Dos sindicatos de la Corporación Nacional Forestal (Conaf) emitieron comunicados en los que manifiestan su preocupación por el intento de creación de un nuevo sindicato al interior de la institución, impulsado por trabajadores de la Oficina Central y la Región Metropolitana, y que, según advierten, estaría siendo fomentado por directivos de confianza y mandos jerárquicos superiores.

Desde el Sindicato Nacional Trabajadores de Conaf (Sitrem) –que agrupa guardaparques, brigadistas, profesionales, técnicos y administrativos– manifiestan que el nuevo sindicato estaría siendo “instigado” por personal de confianza, “por simples motivos políticos o la búsqueda de beneficios particulares por quienes han gozado de un estatus de privilegio y protección dentro de la institución”. 

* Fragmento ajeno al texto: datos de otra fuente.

(* Let $V$ be a finite set, $f:2^V\to\mathbb{R}$ non-decreasing and submodular, $k\ge1$ an integer, $\mathrm{OPT}\subseteq V$ with $|\mathrm{OPT}|=k$ maximizing $f$ among $k$-element subsets of $V$, $A\subseteq V$ with $|A|=k$, and $A'\subseteq A$ with $|A'|<k$. Let $B'\subseteq V\setminus A'$ be the greedy set: starting from $B'=\emptyset$, while $|B'|<k-|A'|$, add an element $e\in V\setminus(A'\cup B')$ maximizing $f(A'\cup B'\cup\{e\})-f(A'\cup B')$. Then \[ f(B'\cup A')\ \ge\ f(A')+\frac{1-\frac1e}{\left\lceil\frac{|\mathrm{OPT}\setminus A'|}{k-|A'|}\right\rceil}\bigl(f(\mathrm{OPT}\cup A')-f(A')\bigr). \]
   Context: $f$ non-decreasing means $f(X)\le f(Y)$ for $X\subseteq Y$; submodular means $f(X\cup\{e\})-f(X)\ge f(Y\cup\{e\})-f(Y)$ for $X\subseteq Y\subseteq V$, $e\notin Y$. *)

theory Defs
  imports "HOL-Analysis.Analysis"
begin

definition nondecreasing_on :: "'a set \<Rightarrow> ('a set \<Rightarrow> real) \<Rightarrow> bool" where
  "nondecreasing_on V f \<longleftrightarrow> (\<forall>X Y. X \<subseteq> Y \<and> Y \<subseteq> V \<longrightarrow> f X \<le> f Y)"

definition submodular_on :: "'a set \<Rightarrow> ('a set \<Rightarrow> real) \<Rightarrow> bool" where
  "submodular_on V f \<longleftrightarrow>
     (\<forall>X Y e. X \<subseteq> Y \<and> Y \<subseteq> V \<and> e \<in> V \<and> e \<notin> Y \<longrightarrow>
        f (X \<union> {e}) - f X \<ge> f (Y \<union> {e}) - f Y)"

text \<open>A run of the greedy algorithm started on top of a fixed set S: the list es records
  the chosen elements in order; the i-th element is taken from V minus (S and the
  previously chosen elements) and maximizes the marginal gain f(S \<union> B \<union> {e}) - f(S \<union> B),
  where B is the set of previously chosen elements (ties broken arbitrarily).\<close>
definition greedy_run :: "'a set \<Rightarrow> ('a set \<Rightarrow> real) \<Rightarrow> 'a set \<Rightarrow> 'a list \<Rightarrow> bool" where
  "greedy_run V f S es \<longleftrightarrow>
     (\<forall>i < length es.
        es ! i \<in> V - (S \<union> set (take i es)) \<and>
        (\<forall>x \<in> V - (S \<union> set (take i es)).
            f (S \<union> set (take i es) \<union> {x}) - f (S \<union> set (take i es))
            \<le> f (S \<union> set (take i es) \<union> {es ! i}) - f (S \<union> set (take i es))))"

end

theory Submission
  imports Defs
begin

text \<open>Let \<open>p = |OPT - A'|\<close> and \<open>m = k - |A'|\<close>. By submodularity, adding the at most \<open>p\<close> elements
  of \<open>OPT - A'\<close> one by one to the current greedy set gains at most \<open>p\<close> times the best single
  gain, so each greedy step closes at least a \<open>1/p\<close> fraction of the remaining gap to
  \<open>f (OPT \<union> A')\<close>. After \<open>m\<close> steps the gap has shrunk by the factor \<open>(1 - 1/p)^m \<le> exp (-m/p)\<close>,
  and \<open>1 - exp (-m/p) \<ge> (1 - 1/e) / \<lceil>p/m\<rceil>\<close> by concavity of \<open>1 - exp (-x)\<close>.\<close>

lemma submodular_on_gain_le_sum_gains:
  assumes "submodular_on V f" and "finite T" and "S \<union> T \<subseteq> V"
  shows "f (S \<union> T) - f S \<le> (\<Sum>t\<in>T - S. f (S \<union> {t}) - f S)"
  using assms(2,3)
proof (induction T rule: finite_induct)
  case empty
  then show ?case by simp
next
  case (insert x T)
  have IH: "f (S \<union> T) - f S \<le> (\<Sum>t\<in>T - S. f (S \<union> {t}) - f S)"
    using insert by auto
  show ?case
  proof (cases "x \<in> S")
    case True
    then have "S \<union> insert x T = S \<union> T" "insert x T - S = T - S" by auto
    then show ?thesis using IH by simp
  next
    case False
    have "S \<subseteq> S \<union> T" "S \<union> T \<subseteq> V" "x \<in> V" "x \<notin> S \<union> T"
      using insert.prems insert.hyps False by auto
    then have "f (S \<union> T \<union> {x}) - f (S \<union> T) \<le> f (S \<union> {x}) - f S"
      using assms(1) unfolding submodular_on_def by blast
    moreover have "S \<union> insert x T = S \<union> T \<union> {x}" "insert x T - S = insert x (T - S)"
      using False by auto
    ultimately show ?thesis using IH insert.hyps by simp
  qed
qed

lemma nondecreasing_onD:
  assumes "nondecreasing_on V f" and "X \<subseteq> Y" and "Y \<subseteq> V"
  shows "f X \<le> f Y"
  using assms unfolding nondecreasing_on_def by blast

lemma greedy_run_nthD:
  assumes "greedy_run V f S es" and "i < length es"
  shows "es ! i \<in> V - (S \<union> set (take i es))"
    and "\<And>x. x \<in> V - (S \<union> set (take i es)) \<Longrightarrow>
           f (S \<union> set (take i es) \<union> {x}) - f (S \<union> set (take i es))
           \<le> f (S \<union> set (take i es) \<union> {es ! i}) - f (S \<union> set (take i es))"
  using assms unfolding greedy_run_def by blast+

lemma greedy_run_set_subset:
  assumes "greedy_run V f S es"
  shows "set es \<subseteq> V"
  using greedy_run_nthD(1)[OF assms] by (auto simp: in_set_conv_nth)

lemma greedy_run_gap_le_card_mult_gain:
  assumes mono: "nondecreasing_on V f" and submod: "submodular_on V f"
    and S_V: "S \<subseteq> V" and fin_T: "finite T" and T_V: "T \<subseteq> V"
    and greedy: "greedy_run V f S es" and i_less: "i < length es"
  shows "f (S \<union> T) - f (S \<union> set (take i es))
         \<le> real (card T) * (f (S \<union> set (take (Suc i) es)) - f (S \<union> set (take i es)))"
proof -
  define B where "B = S \<union> set (take i es)"
  define g where "g = f (B \<union> {es ! i}) - f B"
  have B_V: "B \<subseteq> V"
    using S_V greedy_run_set_subset[OF greedy] set_take_subset[of i es]
    unfolding B_def by blast
  have next_eq: "S \<union> set (take (Suc i) es) = B \<union> {es ! i}"
    using i_less unfolding B_def by (simp add: take_Suc_conv_app_nth Un_assoc)
  have "f (S \<union> T) \<le> f (B \<union> T)"
    by (rule nondecreasing_onD[OF mono]) (use B_V T_V in \<open>auto simp: B_def\<close>)
  moreover have "f (B \<union> T) - f B \<le> (\<Sum>t\<in>T - B. f (B \<union> {t}) - f B)"
    using submodular_on_gain_le_sum_gains[OF submod fin_T, of B] B_V T_V by simp
  moreover have "\<dots> \<le> (\<Sum>t\<in>T - B. g)"
  proof (rule sum_mono)
    fix t assume "t \<in> T - B"
    then have "t \<in> V - (S \<union> set (take i es))" using T_V unfolding B_def by blast
    from greedy_run_nthD(2)[OF greedy i_less this] show "f (B \<union> {t}) - f B \<le> g"
      unfolding g_def B_def .
  qed
  moreover have "\<dots> \<le> real (card T) * g"
  proof -
    have "B \<union> {es ! i} \<subseteq> V"
      using B_V greedy_run_nthD(1)[OF greedy i_less] by blast
    then have "f B \<le> f (B \<union> {es ! i})"
      by (intro nondecreasing_onD[OF mono]) auto
    then have "0 \<le> g" unfolding g_def by simp
    moreover have "card (T - B) \<le> card T" using fin_T by (rule card_mono) blast
    ultimately show ?thesis by (simp add: mult_right_mono)
  qed
  ultimately show ?thesis unfolding next_eq g_def B_def by linarith
qed

lemma greedy_run_gap_decay:
  assumes mono: "nondecreasing_on V f" and submod: "submodular_on V f"
    and S_V: "S \<subseteq> V" and fin_T: "finite T" and T_V: "T \<subseteq> V"
    and greedy: "greedy_run V f S es" and i_le: "i \<le> length es"
  shows "f (S \<union> T) - f (S \<union> set (take i es)) \<le> (1 - 1 / real (card T)) ^ i * (f (S \<union> T) - f S)"
  using i_le
proof (induction i)
  case 0
  then show ?case by simp
next
  case (Suc i)
  define D where "D = f (S \<union> T) - f (S \<union> set (take i es))"
  define g where "g = f (S \<union> set (take (Suc i) es)) - f (S \<union> set (take i es))"
  have gain: "D \<le> real (card T) * g"
    using greedy_run_gap_le_card_mult_gain[OF mono submod S_V fin_T T_V greedy] Suc.prems
    unfolding D_def g_def by simp
  \<comment> \<open>for \<open>T = {}\<close> the division is by zero and monotonicity alone gives \<open>g \<ge> 0\<close>\<close>
  have "D / real (card T) \<le> g"
  proof (cases "card T = 0")
    case True
    have "S \<union> set (take (Suc i) es) \<subseteq> V"
      using S_V greedy_run_set_subset[OF greedy] set_take_subset[of "Suc i" es] by blast
    moreover have "S \<union> set (take i es) \<subseteq> S \<union> set (take (Suc i) es)"
      using set_take_subset_set_take[of i "Suc i" es] by auto
    ultimately have "0 \<le> g"
      using nondecreasing_onD[OF mono] unfolding g_def by simp
    then show ?thesis using True by simp
  next
    case False
    then show ?thesis using gain by (simp add: divide_le_eq mult.commute)
  qed
  then have "f (S \<union> T) - f (S \<union> set (take (Suc i) es)) \<le> D - D / real (card T)"
    unfolding D_def g_def by simp
  also have "\<dots> = (1 - 1 / real (card T)) * D" by (simp add: algebra_simps)
  also have "\<dots> \<le> (1 - 1 / real (card T)) * ((1 - 1 / real (card T)) ^ i * (f (S \<union> T) - f S))"
    using Suc unfolding D_def by (intro mult_left_mono) (auto simp: divide_le_eq_1)
  finally show ?case by simp
qed

lemma greedy_run_approximation:
  assumes "nondecreasing_on V f" "submodular_on V f"
    and "S \<subseteq> V" "finite T" "T \<subseteq> V" "greedy_run V f S es"
  shows "f (S \<union> set es) - f S \<ge> (1 - (1 - 1 / real (card T)) ^ length es) * (f (S \<union> T) - f S)"
  using greedy_run_gap_decay[OF assms, of "length es"] by (simp add: algebra_simps)

lemma one_minus_exp_neg_ge:
  fixes x :: real
  assumes "0 \<le> x"
  shows "(1 - 1 / exp 1) * min 1 x \<le> 1 - exp (- x)"
proof (cases "x \<le> 1")
  case True
  have "exp ((1 - x) *\<^sub>R 0 + x *\<^sub>R (-1)) \<le> (1 - x) * exp 0 + x * exp (-1)"
    using convex_onD[OF exp_convex, of x 0 "-1"] assms True by simp
  then show ?thesis using True by (simp add: exp_minus inverse_eq_divide algebra_simps)
next
  case False
  then show ?thesis by (simp add: exp_minus inverse_eq_divide frac_le)
qed

lemma one_minus_inv_e_div_ceiling_le:
  fixes p m :: nat
  assumes "m \<ge> 1"
  shows "(1 - 1 / exp 1) / real_of_int \<lceil>real p / real m\<rceil> \<le> 1 - (1 - 1 / real p) ^ m"
proof (cases "p = 0")
  case True
  then show ?thesis by simp
next
  case False
  define x where "x = real m / real p"
  define c where "c = real_of_int \<lceil>real p / real m\<rceil>"
  have "0 < x" using assms False unfolding x_def by simp
  have "1 \<le> c" using assms False unfolding c_def by (simp add: one_le_ceiling)
  have "1 / c \<le> x"
  proof -
    have "real p / real m \<le> c" unfolding c_def by linarith
    then show ?thesis using assms False \<open>1 \<le> c\<close> unfolding x_def by (simp add: field_simps)
  qed
  then have "1 / c \<le> min 1 x" using \<open>1 \<le> c\<close> by simp
  then have "(1 - 1 / exp 1) * (1 / c) \<le> (1 - 1 / exp 1) * min 1 x"
    using exp_gt_one[of 1] by (intro mult_left_mono) auto
  have "(1 - 1 / real p) ^ m \<le> exp (- (1 / real p)) ^ m"
    using False exp_ge_add_one_self[of "- (1 / real p)"] by (intro power_mono) auto
  also have "\<dots> = exp (- x)"
    unfolding x_def by (simp add: exp_of_nat_mult[symmetric])
  finally have power_le_exp: "(1 - 1 / real p) ^ m \<le> exp (- x)" .
  have "(1 - 1 / exp 1) / c \<le> (1 - 1 / exp 1) * min 1 x"
    using \<open>(1 - 1 / exp 1) * (1 / c) \<le> (1 - 1 / exp 1) * min 1 x\<close> by simp
  also have "\<dots> \<le> 1 - exp (- x)" using \<open>0 < x\<close> by (intro one_minus_exp_neg_ge) simp
  also have "\<dots> \<le> 1 - (1 - 1 / real p) ^ m" using power_le_exp by simp
  finally show ?thesis unfolding c_def .
qed

theorem mainTheorem3:
  fixes V :: "'a set" and f :: "'a set \<Rightarrow> real" and k :: nat
    and OPT A A' :: "'a set" and es :: "'a list"
  assumes "finite V"
    and "nondecreasing_on V f" and "submodular_on V f"
    and "k \<ge> 1"
    and "OPT \<subseteq> V" and "card OPT = k"
    and "\<forall>S. S \<subseteq> V \<and> card S = k \<longrightarrow> f S \<le> f OPT"
    and "A \<subseteq> V" and "card A = k"
    and "A' \<subseteq> A" and "card A' < k"
    and "greedy_run V f A' es" and "length es = k - card A'"
  shows "f (set es \<union> A') \<ge> f A' +
           (1 - 1 / exp 1) / real_of_int \<lceil>real (card (OPT - A')) / real (k - card A')\<rceil>
             * (f (OPT \<union> A') - f A')"
proof -
  let ?p = "card (OPT - A')" and ?m = "k - card A'"
  have A'_V: "A' \<subseteq> V" using assms(8,10) by blast
  have union_eq: "A' \<union> (OPT - A') = OPT \<union> A'" "A' \<union> set es = set es \<union> A'" by auto
  have "f A' \<le> f (OPT \<union> A')"
    using nondecreasing_onD[OF assms(2)] assms(5) A'_V by simp
  then have "(1 - 1 / exp 1) / real_of_int \<lceil>real ?p / real ?m\<rceil> * (f (OPT \<union> A') - f A')
             \<le> (1 - (1 - 1 / real ?p) ^ ?m) * (f (OPT \<union> A') - f A')"
    using one_minus_inv_e_div_ceiling_le[of ?m ?p] assms(11) by (intro mult_right_mono) auto
  also have "\<dots> \<le> f (set es \<union> A') - f A'"
    using greedy_run_approximation[OF assms(2,3) A'_V finite_subset[OF _ assms(1)] _ assms(12),
          of "OPT - A'"] assms(5)
    unfolding union_eq assms(13) by blast
  finally show ?thesis by simp
qed

end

En tanto, el Sindicato Nacional de Profesionales de Conaf (Sinaprof) también advierte sobre las “inquietudes” que han surgido “respecto de la eventual participación de directivos (as) de confianza en estos procesos”.  

Ambas agrupaciones se ponen a disposición del resto de los trabajadores de la corporación en caso de que se sientan amedrentados, hostigados o sufran maltrato para dar su consentimiento en orden a formar este nuevo sindicato. Dice Sitrem, que esto es ante el riesgo de que “pudieran recibir presiones o amenazas ilegítimas para apoyar obligadamente este intento de dividir a los trabajadores”.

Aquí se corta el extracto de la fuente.